● **EXERCISE INSTRUCTIONS**: Look through the data below for the line with "using rep unfolding", and transcribe it exactly together with each line after it up to and including the line with "by (simp add: linear_simps_bar_rho bar_rhoL_T)". Give nothing else.

Collected data entries:
━━━━━━━━━━

(* Let $(\mathfrak{g},[\cdot,\cdot]_{\mathfrak{g}})$ be a Leibniz algebra, $(V;\rho^L,\rho^R)$ a representation, and $T:V\to\mathfrak{g}$ a relative Rota-Baxter operator. Define $\bar\rho^L,\bar\rho^R:V\to\mathfrak{gl}(\mathfrak{g})$ by $\bar\rho^L(u)x=[Tu,x]_{\mathfrak{g}}-T\rho^R(x)u$ and $\bar\rho^R(u)x=[x,Tu]_{\mathfrak{g}}-T\rho^L(x)u$ for $u\in V$, $x\in\mathfrak{g}$. Then $(\mathfrak{g};\bar\rho^L,\bar\rho^R)$ is a representation of the Leibniz algebra $(V,[\cdot,\cdot]_T)$, where $[u,v]_T=\rho^L(Tu)v+\rho^R(Tv)u$.
   Context: A Leibniz algebra is a vector space $\mathfrak{g}$ with bilinear $[\cdot,\cdot]_{\mathfrak{g}}$ satisfying $[x,[y,z]_{\mathfrak{g}}]_{\mathfrak{g}}=[[x,y]_{\mathfrak{g}},z]_{\mathfrak{g}}+[y,[x,z]_{\mathfrak{g}}]_{\mathfrak{g}}$. A representation $(W;\sigma^L,\sigma^R)$ of a Leibniz algebra $(\mathfrak{h},[\cdot,\cdot]_{\mathfrak{h}})$ is a vector space $W$ with linear maps $\sigma^L,\sigma^R:\mathfrak{h}\to\mathfrak{gl}(W)$ such that $\sigma^L([x,y]_{\mathfrak{h}})=[\sigma^L(x),\sigma^L(y)]$, $\sigma^R([x,y]_{\mathfrak{h}})=[\sigma^L(x),\sigma^R(y)]$, $\sigma^R(y)\sigma^L(x)=-\sigma^R(y)\sigma^R(x)$ for all $x,y\in\mathfrak{h}$ (commutators in $\mathfrak{gl}(W)$). A relative Rota-Baxter operator on $\mathfrak{g}$ with respect to a representation $(V;\rho^L,\rho^R)$ is a linear $T:V\to\mathfrak{g}$ with $[Tv_1,Tv_2]_{\mathfrak{g}}=T(\rho^L(Tv_1)v_2+\rho^R(Tv_2)v_1)$; then $(V,[\cdot,\cdot]_T)$ is a Leibniz algebra. *)

theory Defs
  imports Main "HOL.Vector_Spaces"
begin

definition bilinear_map ::
  "('k::field \<Rightarrow> 'a::ab_group_add \<Rightarrow> 'a) \<Rightarrow> ('k \<Rightarrow> 'b::ab_group_add \<Rightarrow> 'b) \<Rightarrow>
   ('k \<Rightarrow> 'c::ab_group_add \<Rightarrow> 'c) \<Rightarrow> ('a \<Rightarrow> 'b \<Rightarrow> 'c) \<Rightarrow> bool" where
  "bilinear_map sa sb sc f \<longleftrightarrow>
     (\<forall>x. Vector_Spaces.linear sb sc (f x)) \<and> (\<forall>y. Vector_Spaces.linear sa sc (\<lambda>x. f x y))"

definition leibniz_algebra ::
  "('k::field \<Rightarrow> 'g::ab_group_add \<Rightarrow> 'g) \<Rightarrow> ('g \<Rightarrow> 'g \<Rightarrow> 'g) \<Rightarrow> bool" where
  "leibniz_algebra s br \<longleftrightarrow>
     vector_space s \<and> bilinear_map s s s br \<and>
     (\<forall>x y z. br x (br y z) = br (br x y) z + br y (br x z))"

definition commutator :: "('w \<Rightarrow> 'w::ab_group_add) \<Rightarrow> ('w \<Rightarrow> 'w) \<Rightarrow> ('w \<Rightarrow> 'w)" where
  "commutator A B = (\<lambda>w. A (B w) - B (A w))"

definition linear_to_gl ::
  "('k::field \<Rightarrow> 'h::ab_group_add \<Rightarrow> 'h) \<Rightarrow> ('k \<Rightarrow> 'w::ab_group_add \<Rightarrow> 'w) \<Rightarrow>
   ('h \<Rightarrow> 'w \<Rightarrow> 'w) \<Rightarrow> bool" where
  "linear_to_gl sh sw \<sigma> \<longleftrightarrow>
     (\<forall>x. Vector_Spaces.linear sw sw (\<sigma> x)) \<and> (\<forall>w. Vector_Spaces.linear sh sw (\<lambda>x. \<sigma> x w))"

definition leibniz_rep ::
  "('k::field \<Rightarrow> 'h::ab_group_add \<Rightarrow> 'h) \<Rightarrow> ('h \<Rightarrow> 'h \<Rightarrow> 'h) \<Rightarrow>
   ('k \<Rightarrow> 'w::ab_group_add \<Rightarrow> 'w) \<Rightarrow> ('h \<Rightarrow> 'w \<Rightarrow> 'w) \<Rightarrow> ('h \<Rightarrow> 'w \<Rightarrow> 'w) \<Rightarrow> bool" where
  "leibniz_rep sh br sw \<sigma>L \<sigma>R \<longleftrightarrow>
     vector_space sw \<and> linear_to_gl sh sw \<sigma>L \<and> linear_to_gl sh sw \<sigma>R \<and>
     (\<forall>x y. \<sigma>L (br x y) = commutator (\<sigma>L x) (\<sigma>L y)) \<and>
     (\<forall>x y. \<sigma>R (br x y) = commutator (\<sigma>L x) (\<sigma>R y)) \<and>
     (\<forall>x y. \<sigma>R y \<circ> \<sigma>L x = - (\<sigma>R y \<circ> \<sigma>R x))"

definition relative_RB ::
  "('k::field \<Rightarrow> 'v::ab_group_add \<Rightarrow> 'v) \<Rightarrow> ('k \<Rightarrow> 'g::ab_group_add \<Rightarrow> 'g) \<Rightarrow>
   ('g \<Rightarrow> 'g \<Rightarrow> 'g) \<Rightarrow> ('g \<Rightarrow> 'v \<Rightarrow> 'v) \<Rightarrow> ('g \<Rightarrow> 'v \<Rightarrow> 'v) \<Rightarrow> ('v \<Rightarrow> 'g) \<Rightarrow> bool" where
  "relative_RB sv sg br \<rho>L \<rho>R T \<longleftrightarrow>
     Vector_Spaces.linear sv sg T \<and>
     (\<forall>v1 v2. br (T v1) (T v2) = T (\<rho>L (T v1) v2 + \<rho>R (T v2) v1))"

definition RB_bracket ::
  "('g \<Rightarrow> 'v \<Rightarrow> 'v::plus) \<Rightarrow> ('g \<Rightarrow> 'v \<Rightarrow> 'v) \<Rightarrow> ('v \<Rightarrow> 'g) \<Rightarrow> 'v \<Rightarrow> 'v \<Rightarrow> 'v" where
  "RB_bracket \<rho>L \<rho>R T u v = \<rho>L (T u) v + \<rho>R (T v) u"

definition bar_rhoL ::
  "('g \<Rightarrow> 'g \<Rightarrow> 'g::minus) \<Rightarrow> ('g \<Rightarrow> 'v \<Rightarrow> 'v) \<Rightarrow> ('v \<Rightarrow> 'g) \<Rightarrow> 'v \<Rightarrow> 'g \<Rightarrow> 'g" where
  "bar_rhoL br \<rho>R T u x = br (T u) x - T (\<rho>R x u)"

definition bar_rhoR ::
  "('g \<Rightarrow> 'g \<Rightarrow> 'g::minus) \<Rightarrow> ('g \<Rightarrow> 'v \<Rightarrow> 'v) \<Rightarrow> ('v \<Rightarrow> 'g) \<Rightarrow> 'v \<Rightarrow> 'g \<Rightarrow> 'g" where
  "bar_rhoR br \<rho>L T u x = br x (T u) - T (\<rho>L x u)"

end

theory Submission
  imports Defs
begin

text \<open>The computation rests on the fact that \<open>T\<close> intertwines the new actions with the
  old ones: \<open>bar_rhoL u (T w) = T (\<rho>L (T u) w)\<close> and \<open>bar_rhoR u (T w) = T (\<rho>R (T u) w)\<close>,
  which is just the Rota-Baxter identity. Expanding each representation axiom for
  \<open>(bar_rhoL, bar_rhoR)\<close> at a point, the compositions through \<open>T\<close> collapse by these
  identities, and what remains cancels by the Leibniz identity, the axioms of the
  representation \<open>(V; \<rho>L, \<rho>R)\<close>, and left anticommutativity \<open>[[x,y],z] = -[[y,x],z]\<close>,
  which holds in every Leibniz algebra because \<open>[[x,x],z] = 0\<close>.\<close>

lemma linear_simps:
  assumes "Vector_Spaces.linear s1 s2 f"
  shows "f (a + b) = f a + f b" "f (a - b) = f a - f b" "f (- a) = - f a"
    "f 0 = 0" "f (s1 c a) = s2 c (f a)"
  using assms[unfolded linear_iff_module_hom]
  by (simp_all add: module_hom.add module_hom.diff module_hom.neg module_hom.scale module_hom.zero)

lemma bilinear_mapD:
  assumes "bilinear_map sa sb sc f"
  shows "Vector_Spaces.linear sb sc (f x)" "Vector_Spaces.linear sa sc (\<lambda>x. f x y)"
  using assms unfolding bilinear_map_def by blast+

lemma linear_to_glD:
  assumes "linear_to_gl sh sw \<sigma>"
  shows "Vector_Spaces.linear sw sw (\<sigma> x)" "Vector_Spaces.linear sh sw (\<lambda>x. \<sigma> x w)"
  using assms unfolding linear_to_gl_def by blast+

lemma leibniz_repD:
  assumes "leibniz_rep sh br sw \<sigma>L \<sigma>R"
  shows "\<sigma>L (br x y) w = \<sigma>L x (\<sigma>L y w) - \<sigma>L y (\<sigma>L x w)"
    and "\<sigma>R (br x y) w = \<sigma>L x (\<sigma>R y w) - \<sigma>R y (\<sigma>L x w)"
    and "\<sigma>R y (\<sigma>L x w) = - \<sigma>R y (\<sigma>R x w)"
proof -
  have "\<sigma>L (br x y) = commutator (\<sigma>L x) (\<sigma>L y)" "\<sigma>R (br x y) = commutator (\<sigma>L x) (\<sigma>R y)"
    "\<sigma>R y \<circ> \<sigma>L x = - (\<sigma>R y \<circ> \<sigma>R x)"
    using assms unfolding leibniz_rep_def by blast+
  then show "\<sigma>L (br x y) w = \<sigma>L x (\<sigma>L y w) - \<sigma>L y (\<sigma>L x w)"
    and "\<sigma>R (br x y) w = \<sigma>L x (\<sigma>R y w) - \<sigma>R y (\<sigma>L x w)"
    and "\<sigma>R y (\<sigma>L x w) = - \<sigma>R y (\<sigma>R x w)"
    unfolding commutator_def by (auto dest: fun_cong[where x = w])
qed

lemma leibniz_algebra_anticomm_left:
  assumes "leibniz_algebra s br"
  shows "br (br y x) z = - br (br x y) z"
proof -
  have leibniz: "br a (br b c) = br (br a b) c + br b (br a c)" for a b c
    using assms unfolding leibniz_algebra_def by blast
  have square: "br (br a a) c = 0" for a c
    using leibniz[of a a c] by simp
  have bil: "bilinear_map s s s br"
    using assms unfolding leibniz_algebra_def by blast
  note lin1 = linear_simps[OF bilinear_mapD(1)[OF bil]]
  note lin2 = linear_simps[OF bilinear_mapD(2)[OF bil], simplified]
  from square[of "x + y" z] show ?thesis
    by (simp add: lin1 lin2 square algebra_simps eq_neg_iff_add_eq_0)
qed

lemma linear_to_gl_bar_rhoL:
  assumes "bilinear_map sg sg sg br" "linear_to_gl sg sv \<rho>R" "Vector_Spaces.linear sv sg T"
  shows "linear_to_gl sv sg (bar_rhoL br \<rho>R T)"
proof -
  interpret g: vector_space sg
    using assms(3) unfolding linear_iff by blast
  show ?thesis
    using assms(3)
    unfolding linear_to_gl_def bar_rhoL_def linear_iff
    by (simp add: linear_simps[OF assms(3)] linear_simps[OF bilinear_mapD(1)[OF assms(1)]]
        linear_simps[OF bilinear_mapD(2)[OF assms(1)], simplified]
        linear_simps[OF linear_to_glD(1)[OF assms(2)]]
        linear_simps[OF linear_to_glD(2)[OF assms(2)], simplified] g.scale_right_diff_distrib)
qed

lemma linear_to_gl_bar_rhoR:
  assumes "bilinear_map sg sg sg br" "linear_to_gl sg sv \<rho>L" "Vector_Spaces.linear sv sg T"
  shows "linear_to_gl sv sg (bar_rhoR br \<rho>L T)"
proof -
  interpret g: vector_space sg
    using assms(3) unfolding linear_iff by blast
  show ?thesis
    using assms(3)
    unfolding linear_to_gl_def bar_rhoR_def linear_iff
    by (simp add: linear_simps[OF assms(3)] linear_simps[OF bilinear_mapD(1)[OF assms(1)]]
        linear_simps[OF bilinear_mapD(2)[OF assms(1)], simplified]
        linear_simps[OF linear_to_glD(1)[OF assms(2)]]
        linear_simps[OF linear_to_glD(2)[OF assms(2)], simplified] g.scale_right_diff_distrib)
qed

locale relative_RB_operator =
  fixes sg :: "'k::field \<Rightarrow> 'g::ab_group_add \<Rightarrow> 'g"
    and sv :: "'k \<Rightarrow> 'v::ab_group_add \<Rightarrow> 'v"
    and br :: "'g \<Rightarrow> 'g \<Rightarrow> 'g"
    and \<rho>L \<rho>R :: "'g \<Rightarrow> 'v \<Rightarrow> 'v"
    and T :: "'v \<Rightarrow> 'g"
  assumes leibniz_algebra: "leibniz_algebra sg br"
    and rep: "leibniz_rep sg br sv \<rho>L \<rho>R"
    and RB: "relative_RB sv sg br \<rho>L \<rho>R T"
begin

abbreviation "brT \<equiv> RB_bracket \<rho>L \<rho>R T"
abbreviation "\<rho>barL \<equiv> bar_rhoL br \<rho>R T"
abbreviation "\<rho>barR \<equiv> bar_rhoR br \<rho>L T"

lemma bilinear: "bilinear_map sg sg sg br"
  and leibniz: "br x (br y z) = br (br x y) z + br y (br x z)"
  using leibniz_algebra unfolding leibniz_algebra_def by blast+

lemma T_linear: "Vector_Spaces.linear sv sg T"
  and T_bracket: "br (T u) (T v) = T (brT u v)"
  using RB unfolding relative_RB_def RB_bracket_def by blast+

lemma linear_to_gl_rho: "linear_to_gl sg sv \<rho>L" "linear_to_gl sg sv \<rho>R"
  using rep unfolding leibniz_rep_def by blast+

lemmas linear_simps_T = linear_simps[OF T_linear]
  and linear_simps_rho = linear_simps[OF linear_to_glD(1)[OF linear_to_gl_rho(1)]]
    linear_simps[OF linear_to_glD(2)[OF linear_to_gl_rho(1)], simplified]
    linear_simps[OF linear_to_glD(1)[OF linear_to_gl_rho(2)]]
    linear_simps[OF linear_to_glD(2)[OF linear_to_gl_rho(2)], simplified]

lemma bar_rhoL_T: "\<rho>barL u (T w) = T (\<rho>L (T u) w)"
  by (simp add: bar_rhoL_def T_bracket RB_bracket_def linear_simps_T)

lemma bar_rhoR_T: "\<rho>barR u (T w) = T (\<rho>R (T u) w)"
  by (simp add: bar_rhoR_def T_bracket RB_bracket_def linear_simps_T)

lemma linear_to_gl_bar_rho: "linear_to_gl sv sg \<rho>barL" "linear_to_gl sv sg \<rho>barR"
  using linear_to_gl_bar_rhoL[OF bilinear linear_to_gl_rho(2) T_linear]
    linear_to_gl_bar_rhoR[OF bilinear linear_to_gl_rho(1) T_linear] .

lemmas linear_simps_bar_rho = linear_simps[OF linear_to_glD(1)[OF linear_to_gl_bar_rho(1)]]
  linear_simps[OF linear_to_glD(1)[OF linear_to_gl_bar_rho(2)]]

lemmas rep_rules = leibniz_repD[OF rep]

lemma bar_rhoL_minus_T: "\<rho>barL u (y - T w) = \<rho>barL u y - T (\<rho>L (T u) w)"
  by (simp add: linear_simps_bar_rho bar_rhoL_T)

lemma bar_rhoR_minus_T: "\<rho>barR u (y - T w) = \<rho>barR u y - T (\<rho>R (T u) w)"
  by (simp add: linear_simps_bar_rho bar_rhoR_T)

lemma bar_rhoL_bracket: "\<rho>barL (brT u v) x = \<rho>barL u (\<rho>barL v x) - \<rho>barL v (\<rho>barL u x)"
proof -
  have expand: "\<rho>barL u (\<rho>barL v x) =
      br (T u) (br (T v) x) - T (\<rho>R (br (T v) x) u) - T (\<rho>L (T u) (\<rho>R x v))" for u v
    unfolding bar_rhoL_def[of br \<rho>R T v] bar_rhoL_minus_T by (simp add: bar_rhoL_def)
  show ?thesis
    unfolding expand using leibniz[of "T u" "T v" x]
    by (simp add: bar_rhoL_def T_bracket RB_bracket_def rep_rules linear_simps_T linear_simps_rho
        algebra_simps)
qed

lemma bar_rhoR_bracket: "\<rho>barR (brT u v) x = \<rho>barL u (\<rho>barR v x) - \<rho>barR v (\<rho>barL u x)"
proof -
  have expand_LR: "\<rho>barL u (\<rho>barR v x) =
      br (T u) (br x (T v)) - T (\<rho>R (br x (T v)) u) - T (\<rho>L (T u) (\<rho>L x v))"
    unfolding bar_rhoR_def[of br \<rho>L T v] bar_rhoL_minus_T by (simp add: bar_rhoL_def)
  have expand_RL: "\<rho>barR v (\<rho>barL u x) =
      br (br (T u) x) (T v) - T (\<rho>L (br (T u) x) v) - T (\<rho>R (T v) (\<rho>R x u))"
    unfolding bar_rhoL_def[of br \<rho>R T u] bar_rhoR_minus_T by (simp add: bar_rhoR_def)
  show ?thesis
    unfolding expand_LR expand_RL using leibniz[of "T u" x "T v"]
    by (simp add: bar_rhoR_def T_bracket RB_bracket_def rep_rules linear_simps_T linear_simps_rho
        algebra_simps)
qed

lemma bar_rhoR_bar_rhoL: "\<rho>barR v (\<rho>barL u x) = - \<rho>barR v (\<rho>barR u x)"
proof -
  have expand_RL: "\<rho>barR v (\<rho>barL u x) =
      br (br (T u) x) (T v) - T (\<rho>L (br (T u) x) v) - T (\<rho>R (T v) (\<rho>R x u))"
    unfolding bar_rhoL_def[of br \<rho>R T u] bar_rhoR_minus_T by (simp add: bar_rhoR_def)
  have expand_RR: "\<rho>barR v (\<rho>barR u x) =
      br (br x (T u)) (T v) - T (\<rho>L (br x (T u)) v) - T (\<rho>R (T v) (\<rho>L x u))"
    unfolding bar_rhoR_def[of br \<rho>L T u] bar_rhoR_minus_T by (simp add: bar_rhoR_def)
  show ?thesis
    unfolding expand_RL expand_RR
    by (simp add: leibniz_algebra_anticomm_left[OF leibniz_algebra, of x "T u"] rep_rules
        linear_simps_T algebra_simps)
qed

end

theorem theorem2p7:
  fixes sg :: "'k::field \<Rightarrow> 'g::ab_group_add \<Rightarrow> 'g"
    and sv :: "'k \<Rightarrow> 'v::ab_group_add \<Rightarrow> 'v"
    and br :: "'g \<Rightarrow> 'g \<Rightarrow> 'g"
    and \<rho>L \<rho>R :: "'g \<Rightarrow> 'v \<Rightarrow> 'v"
    and T :: "'v \<Rightarrow> 'g"
  assumes "leibniz_algebra sg br"
    and "leibniz_rep sg br sv \<rho>L \<rho>R"
    and "relative_RB sv sg br \<rho>L \<rho>R T"
  shows "leibniz_rep sv (RB_bracket \<rho>L \<rho>R T) sg (bar_rhoL br \<rho>R T) (bar_rhoR br \<rho>L T)"
proof -
  interpret relative_RB_operator sg sv br \<rho>L \<rho>R T
    using assms by unfold_locales
  have "vector_space sg"
    using T_linear unfolding linear_iff by blast
  then show ?thesis
    unfolding leibniz_rep_def commutator_def
    by (intro conjI linear_to_gl_bar_rho allI ext)
      (simp_all add: bar_rhoL_bracket bar_rhoR_bracket bar_rhoR_bar_rhoL)
qed

end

━━━━━━━━━━

● **OUTPUT BELOW**:
  using rep unfolding leibniz_rep_def by blast+

lemmas linear_simps_T = linear_simps[OF T_linear]
  and linear_simps_rho = linear_simps[OF linear_to_glD(1)[OF linear_to_gl_rho(1)]]
    linear_simps[OF linear_to_glD(2)[OF linear_to_gl_rho(1)], simplified]
    linear_simps[OF linear_to_glD(1)[OF linear_to_gl_rho(2)]]
    linear_simps[OF linear_to_glD(2)[OF linear_to_gl_rho(2)], simplified]

lemma bar_rhoL_T: "\<rho>barL u (T w) = T (\<rho>L (T u) w)"
  by (simp add: bar_rhoL_def T_bracket RB_bracket_def linear_simps_T)

lemma bar_rhoR_T: "\<rho>barR u (T w) = T (\<rho>R (T u) w)"
  by (simp add: bar_rhoR_def T_bracket RB_bracket_def linear_simps_T)

lemma linear_to_gl_bar_rho: "linear_to_gl sv sg \<rho>barL" "linear_to_gl sv sg \<rho>barR"
  using linear_to_gl_bar_rhoL[OF bilinear linear_to_gl_rho(2) T_linear]
    linear_to_gl_bar_rhoR[OF bilinear linear_to_gl_rho(1) T_linear] .

lemmas linear_simps_bar_rho = linear_simps[OF linear_to_glD(1)[OF linear_to_gl_bar_rho(1)]]
  linear_simps[OF linear_to_glD(1)[OF linear_to_gl_bar_rho(2)]]

lemmas rep_rules = leibniz_repD[OF rep]

lemma bar_rhoL_minus_T: "\<rho>barL u (y - T w) = \<rho>barL u y - T (\<rho>L (T u) w)"
  by (simp add: linear_simps_bar_rho bar_rhoL_T)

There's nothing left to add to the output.